**The task:** Give the lines below again exactly, starting with the line that holds "5 * (\<Sum>\<^sub>\<infinity>i." and going on through the line that holds "using assms summable_on_int_shift[of".

**Data entries:**
=======

lemma infsum_local_energy:
  assumes "in_l2 x"
  shows "(\<Sum>\<^sub>\<infinity>i. local_energy x i) = 5 * (\<Sum>\<^sub>\<infinity>i. (x i)\<^sup>2)"
proof -
  have shift: "(\<lambda>i. (x (i + k))\<^sup>2) summable_on UNIV" for k
    using assms summable_on_int_shift[of "\<lambda>i. (x i)\<^sup>2" k] unfolding in_l2_def by simp
  have shift': "(\<lambda>i. (x (i - k))\<^sup>2) summable_on UNIV" for k
    using shift[of "- k"] by simp
  have sum_shift: "(\<Sum>\<^sub>\<infinity>i. (x (i + k))\<^sup>2) = (\<Sum>\<^sub>\<infinity>i. (x i)\<^sup>2)" for k
    by (rule infsum_int_shift)
  have sum_shift': "(\<Sum>\<^sub>\<infinity>i. (x (i - k))\<^sup>2) = (\<Sum>\<^sub>\<infinity>i. (x i)\<^sup>2)" for k
    using sum_shift[of "- k"] by simp
  show ?thesis
    unfolding local_energy_def
    using shift[of 0] by (simp add: infsum_add summable_on_add shift shift' sum_shift sum_shift')
qed

lemma Top_energy_estimate:
  assumes "0 < h" "h \<le> 1" "0 < \<tau>" "\<tau> \<le> K * h ^ 6"
    and \<theta>: "\<forall>i. \<bar>\<theta> i\<bar> \<le> B" and "\<forall>i. \<bar>\<theta> (i + 1) - \<theta> i\<bar> \<le> B * h"
    and x: "in_l2 x"
  shows "in_l2 (Top c g e h \<tau> \<theta> x)"
    and "(\<Sum>\<^sub>\<infinity>i. (Top c g e h \<tau> \<theta> x i)\<^sup>2)
           \<le> (1 + 5 * \<tau> * energy_growth_rate c g e K B) * (\<Sum>\<^sub>\<infinity>i. (x i)\<^sup>2)"
proof -
  define \<Phi> where "\<Phi> = kdv_flux c g e h \<theta> x"
  define P where "P i = (x i)\<^sup>2 - 2 * \<tau> * (\<Phi> i - \<Phi> (i - 1))
                        + \<tau> * energy_growth_rate c g e K B * local_energy x i" for i
  have dominated: "(Top c g e h \<tau> \<theta> x i)\<^sup>2 \<le> P i" for i
    unfolding P_def \<Phi>_def using assms by (intro Top_sq_le)
  have sq: "(\<lambda>i. (x i)\<^sup>2) summable_on UNIV"
    using x unfolding in_l2_def .
  have \<Phi>: "\<Phi> summable_on UNIV"
    unfolding \<Phi>_def using x \<theta> by (rule kdv_flux_summable)
  have telescope: "(\<lambda>i. \<Phi> i - \<Phi> (i - 1)) summable_on UNIV"
    using summable_on_diff[OF \<Phi> summable_on_int_shift[of \<Phi> "- 1", THEN iffD2, OF \<Phi>]] by simp
  have P: "P summable_on UNIV"
    unfolding P_def using local_energy_summable[OF x]
    by (intro summable_on_add summable_on_diff summable_on_cmult_right sq telescope)
  have "(\<Sum>\<^sub>\<infinity>i. P i) = (\<Sum>\<^sub>\<infinity>i. (x i)\<^sup>2) - 2 * \<tau> * (\<Sum>\<^sub>\<infinity>i. \<Phi> i - \<Phi> (i - 1))
                          + \<tau> * energy_growth_rate c g e K B * (\<Sum>\<^sub>\<infinity>i. local_energy x i)"
    unfolding P_def using local_energy_summable[OF x]
    by (simp add: infsum_add infsum_diff summable_on_add summable_on_diff summable_on_cmult_right
        infsum_cmult_right' sq telescope)
  also have "\<dots> = (1 + 5 * \<tau> * energy_growth_rate c g e K B) * (\<Sum>\<^sub>\<infinity>i. (x i)\<^sup>2)"
    using infsum_int_telescope[OF \<Phi>, of 1] infsum_local_energy[OF x] by (simp add: algebra_simps)
  finally have "(\<Sum>\<^sub>\<infinity>i. P i) = (1 + 5 * \<tau> * energy_growth_rate c g e K B) * (\<Sum>\<^sub>\<infinity>i. (x i)\<^sup>2)" .
  then show "in_l2 (Top c g e h \<tau> \<theta> x)"
    and "(\<Sum>\<^sub>\<infinity>i. (Top c g e h \<tau> \<theta> x i)\<^sup>2)
           \<le> (1 + 5 * \<tau> * energy_growth_rate c g e K B) * (\<Sum>\<^sub>\<infinity>i. (x i)\<^sup>2)"
    using in_l2_dominated[OF P dominated] by simp_all
qed

lemma l2norm_le_exp_half:
  assumes "(\<Sum>\<^sub>\<infinity>i. (y i)\<^sup>2) \<le> (1 + t) * (\<Sum>\<^sub>\<infinity>i. (x i)\<^sup>2)"
  shows "l2norm y \<le> exp (t / 2) * l2norm x"
proof -
  have "0 \<le> (\<Sum>\<^sub>\<infinity>i. (x i)\<^sup>2)"
    by (rule infsum_nonneg) simp
  then have "(1 + t) * (\<Sum>\<^sub>\<infinity>i. (x i)\<^sup>2) \<le> exp t * (\<Sum>\<^sub>\<infinity>i. (x i)\<^sup>2)"
    by (intro mult_right_mono exp_ge_add_one_self)
  also have "exp t = (exp (t / 2))\<^sup>2"
    by (simp add: power2_eq_square flip: exp_add)
  finally have "l2norm y \<le> sqrt ((exp (t / 2))\<^sup>2 * (\<Sum>\<^sub>\<infinity>i. (x i)\<^sup>2))"
    unfolding l2norm_def using assms by (intro real_sqrt_le_mono) simp
  also have "\<dots> = exp (t / 2) * l2norm x"
    unfolding l2norm_def by (simp add: real_sqrt_mult)
  finally show ?thesis .
qed

theorem mainTheorem3:
  fixes c g e K B :: real
  shows "\<exists>a::real. \<forall>(h::real) (\<tau>::real) (\<theta>::int \<Rightarrow> real).
           0 < h \<and> h \<le> 1 \<and> 0 < \<tau> \<and> \<tau> \<le> K * h ^ 6 \<and> in_l2 \<theta>
           \<and> (\<forall>i. \<bar>\<theta> i\<bar> \<le> B) \<and> (\<forall>i. \<bar>\<theta> (i + 1) - \<theta> i\<bar> / h \<le> B)
           \<longrightarrow> (\<forall>x. in_l2 x \<longrightarrow>
                   in_l2 (Top c g e h \<tau> \<theta> x) \<and>
                   l2norm (Top c g e h \<tau> \<theta> x) \<le> exp (a * \<tau>) * l2norm x)"
proof (intro exI[of _ "5 * energy_growth_rate c g e K B / 2"] allI impI, elim conjE)
  fix h \<tau> :: real and \<theta> x :: "int \<Rightarrow> real"
  assume h: "0 < h" "h \<le> 1" and \<tau>: "0 < \<tau>" "\<tau> \<le> K * h ^ 6"
    and \<theta>: "\<forall>i. \<bar>\<theta> i\<bar> \<le> B" and d\<theta>: "\<forall>i. \<bar>\<theta> (i + 1) - \<theta> i\<bar> / h \<le> B"
    and x: "in_l2 x"
  have "\<forall>i. \<bar>\<theta> (i + 1) - \<theta> i\<bar> \<le> B * h"
    using d\<theta> h by (simp add: pos_divide_le_eq)
  note estimate = Top_energy_estimate[OF h \<tau> \<theta> this x, of c g e]
  show "in_l2 (Top c g e h \<tau> \<theta> x) \<and>
      l2norm (Top c g e h \<tau> \<theta> x) \<le> exp (5 * energy_growth_rate c g e K B / 2 * \<tau>) * l2norm x"
    using estimate(1) l2norm_le_exp_half[OF estimate(2)] by (simp add: mult_ac)
qed

end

=======

**Output:**
  shows "(\<Sum>\<^sub>\<infinity>i. local_energy x i) = 5 * (\<Sum>\<^sub>\<infinity>i. (x i)\<^sup>2)"
proof -
  have shift: "(\<lambda>i. (x (i + k))\<^sup>2) summable_on UNIV" for k
    using assms summable_on_int_shift[of "\<lambda>i. (x i)\<^sup>2" k] unfolding in_l2_def by simp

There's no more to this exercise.